I continued to sleep every night and to take my morning and evening meals at the Mesón de San José, while I passed my free Sundays in the several city markets, asking stall-keepers and passersby if they knew any persons named Netzlin and Citláli, formerly of the town of Tépiz. For a long while, my search was unsuccessful. But I was not wasting what time I spent, either at that endeavor or at the mesón.
Mingling with the city folk in the markets helped me refine my old-fashioned way of speaking Náhuatl and acquire the more modern vocabulary of the Mexíca. Also I associated as much as possible with those prosperous, far-traveled pochtéca who had brought goods from the south to sell in the city—and with the burly tamémime who had actually carried those goods—and thereby learned a useful number of words and phrases of the southern tongues: the Mixtéca language of the people who call themselves Men of the Earth, and the Tzapotéca of those who call themselves the Cloud People, even many words of the tongues spoken in the Chiapa and Quautemalan lands.
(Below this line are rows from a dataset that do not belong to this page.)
lemma invlim_below_rho:
  assumes "x \<in> invlim f" "x (Suc n) \<le> \<rho>"
  shows "x (Suc n) = F (x n)"
proof -
  have "x (Suc n) \<in> {0..\<rho>}" "x n = F (x (Suc n))"
    using invlimD[OF assms(1), of n] invlimD(1)[OF assms(1), of "Suc n"] assms(2)
    by (auto simp: f_below)
  then show ?thesis using F_F by auto
qed

lemma invlim_alternating:
  assumes "x \<in> invlim f" "\<forall>i\<le>m. x i \<le> \<rho>"
  shows "x m = (if even m then x 0 else F (x 0))"
  using assms(2)
proof (induction m)
  case (Suc m)
  have "x 0 \<in> {0..\<rho>}" using invlimD(1)[OF assms(1)] Suc.prems by auto
  then show ?case
    using Suc invlim_below_rho[OF assms(1), of m] F_F by auto
qed simp

lemma invlim1_iff:
  assumes "x \<in> invlim f"
  shows "x \<in> invlim1 f \<longleftrightarrow> (\<exists>n. \<rho> < x n)"
proof
  assume "x \<in> invlim1 f"
  then have lim: "x \<longlonglongrightarrow> 1" by (simp add: invlim1_def)
  show "\<exists>n. \<rho> < x n"
  proof (rule ccontr)
    assume "\<not> (\<exists>n. \<rho> < x n)"
    then have "\<forall>n\<ge>0. x n \<le> \<rho>" by (simp add: not_less)
    then have "1 \<le> \<rho>" by (intro LIMSEQ_le_const2[OF lim]) blast
    with rho_less_1 show False by simp
  qed
next
  assume "\<exists>n. \<rho> < x n"
  then obtain n where n: "\<rho> < x n" ..
  have "x (j + n) = 1 - (1 - \<rho>) ^ j * (1 - x n)" for j
  proof (induction j)
    case (Suc j)
    have "\<rho> < x (j + n)" using invlim_above_rho_mono[OF assms n] by simp
    from invlim_above_rho(2)[OF assms this]
    have "x (Suc (j + n)) = \<rho> + (1 - \<rho>) * x (j + n)"
      using rho_less_1 by (simp add: f1_def field_simps)
    then have "x (Suc (j + n)) = \<rho> + (1 - \<rho>) * (1 - (1 - \<rho>) ^ j * (1 - x n))"
      by (simp only: Suc.IH)
    then show ?case by (simp add: algebra_simps)
  qed simp
  moreover have "(\<lambda>j. (1 - \<rho>) ^ j * (1 - x n)) \<longlonglongrightarrow> 0"
    by (intro tendsto_mult_left_zero LIMSEQ_power_zero) (use rho_pos rho_less_1 in auto)
  then have "(\<lambda>j. 1 - (1 - \<rho>) ^ j * (1 - x n)) \<longlonglongrightarrow> 1 - 0"
    by (intro tendsto_diff tendsto_const)
  ultimately have "(\<lambda>j. x (j + n)) \<longlonglongrightarrow> 1" by simp
  then have "x \<longlonglongrightarrow> 1" by (rule LIMSEQ_offset)
  with assms show "x \<in> invlim1 f" by (simp add: invlim1_def)
qed

lemma not_invlim1_below: "x \<in> invlim f \<Longrightarrow> x \<notin> invlim1 f \<Longrightarrow> x n \<le> \<rho>"
  using invlim1_iff[of x] by (simp add: not_less)

lemma shift_in_invlim1_iff:
  assumes "x \<in> invlim f"
  shows "shift f x \<in> invlim1 f \<longleftrightarrow> x \<in> invlim1 f"
proof -
  have sx: "shift f x \<in> invlim f" by (rule shift_in_invlim[OF f_range assms])
  have "(\<exists>n. \<rho> < shift f x n) \<longleftrightarrow> (\<exists>n. \<rho> < x n)"
    using invlim_above_rho(1)[OF sx] by (metis shift_Suc)
  then show ?thesis using invlim1_iff[OF assms] invlim1_iff[OF sx] by simp
qed

lemma ray_map_Phi:
  assumes "x \<in> invlim f" "\<rho> < x (Suc n)"
  shows "ray_map \<rho> (Phi (x (Suc n))) = Phi (x n)"
proof -
  have le_1: "x (Suc n) \<le> 1" using invlimD(1)[OF assms(1)] by simp
  have "ray_map \<rho> (Phi (x (Suc n))) = Phi (f1 \<rho> (x (Suc n)))"
    using Phi_gt_rho[OF assms(2) le_1] f1_Phi[OF assms(2) le_1] by (simp add: ray_map_def)
  also have "f1 \<rho> (x (Suc n)) = x n"
    using invlimD(2)[OF assms(1), of n] assms(2) by (simp add: f_above)
  finally show ?thesis .
qed

text \<open>Meaningful only on \<open>invlim1 f\<close>, where some coordinate exceeds \<open>\<rho>\<close>; every such index
  gives the same value (\<open>ray_coord_eq\<close>).\<close>

definition ray_coord :: "(nat \<Rightarrow> real) \<Rightarrow> real" where
  "ray_coord x = (ray_map \<rho> ^^ (LEAST n. \<rho> < x n)) (Phi (x (LEAST n. \<rho> < x n)))"

lemma ray_coord_eq:
  assumes "x \<in> invlim f" "\<rho> < x n"
  shows "ray_coord x = (ray_map \<rho> ^^ n) (Phi (x n))"
proof -
  define M where "M = (LEAST n. \<rho> < x n)"
  have M: "\<rho> < x M" "M \<le> n"
    unfolding M_def using assms(2) by (auto intro: LeastI Least_le)
  have "(ray_map \<rho> ^^ (M + j)) (Phi (x (M + j))) = ray_coord x" for j
  proof (induction j)
    case 0
    show ?case by (simp add: ray_coord_def M_def)
  next
    case (Suc j)
    have "\<rho> < x (Suc (M + j))" using invlim_above_rho_mono[OF assms(1) M(1)] by simp
    then show ?case
      using Suc ray_map_Phi[OF assms(1)] by (simp add: funpow_Suc_right del: funpow.simps)
  qed
  from this[of "n - M"] show ?thesis using M(2) by simp
qed

lemma invlim1_obtain_above_rho:
  assumes "x \<in> invlim1 f"
  obtains n where "\<rho> < x n"
  using assms invlim1_iff by (auto simp: invlim1_def)

lemma ray_coord_le_1:
  assumes "x \<in> invlim1 f"
  shows "ray_coord x \<le> 1"
proof -
  have x: "x \<in> invlim f" using assms by (simp add: invlim1_def)
  obtain n where n: "\<rho> < x n" using invlim1_obtain_above_rho[OF assms] .
  have "Phi (x n) \<le> 1" using Phi_range invlimD(1)[OF x] by auto
  then show ?thesis
    using ray_coord_eq[OF x n] funpow_ray_map_le_1 rho_less_1 by simp
qed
At the mesón, every night I was in the company of foreigners from the north, as I have said. Of those, as I have also said, the Chichiméca lodgers spoke a Náhuatl about as archaic as my own, but understandable. So I consorted mainly with foreigners of the Otomí and Purémpecha and the so-called Runner People, thereby learning useful fragments of the Otomite and Poré and Rarómuri languages. I had never before had any occasion, back home in my own land, to discover my considerable facility for learning other tongues, but now it was evident to me. And I supposed that I must have inherited the ability from my late father, because he must have acquired it during his extensive travels throughout The One World. I will say this, however: the languages of our peoples, though they might be very different from Náhuatl, and sometimes difficult for me to enunciate, none was so very different and difficult as the Spanish, or took me as long to gain fluency in.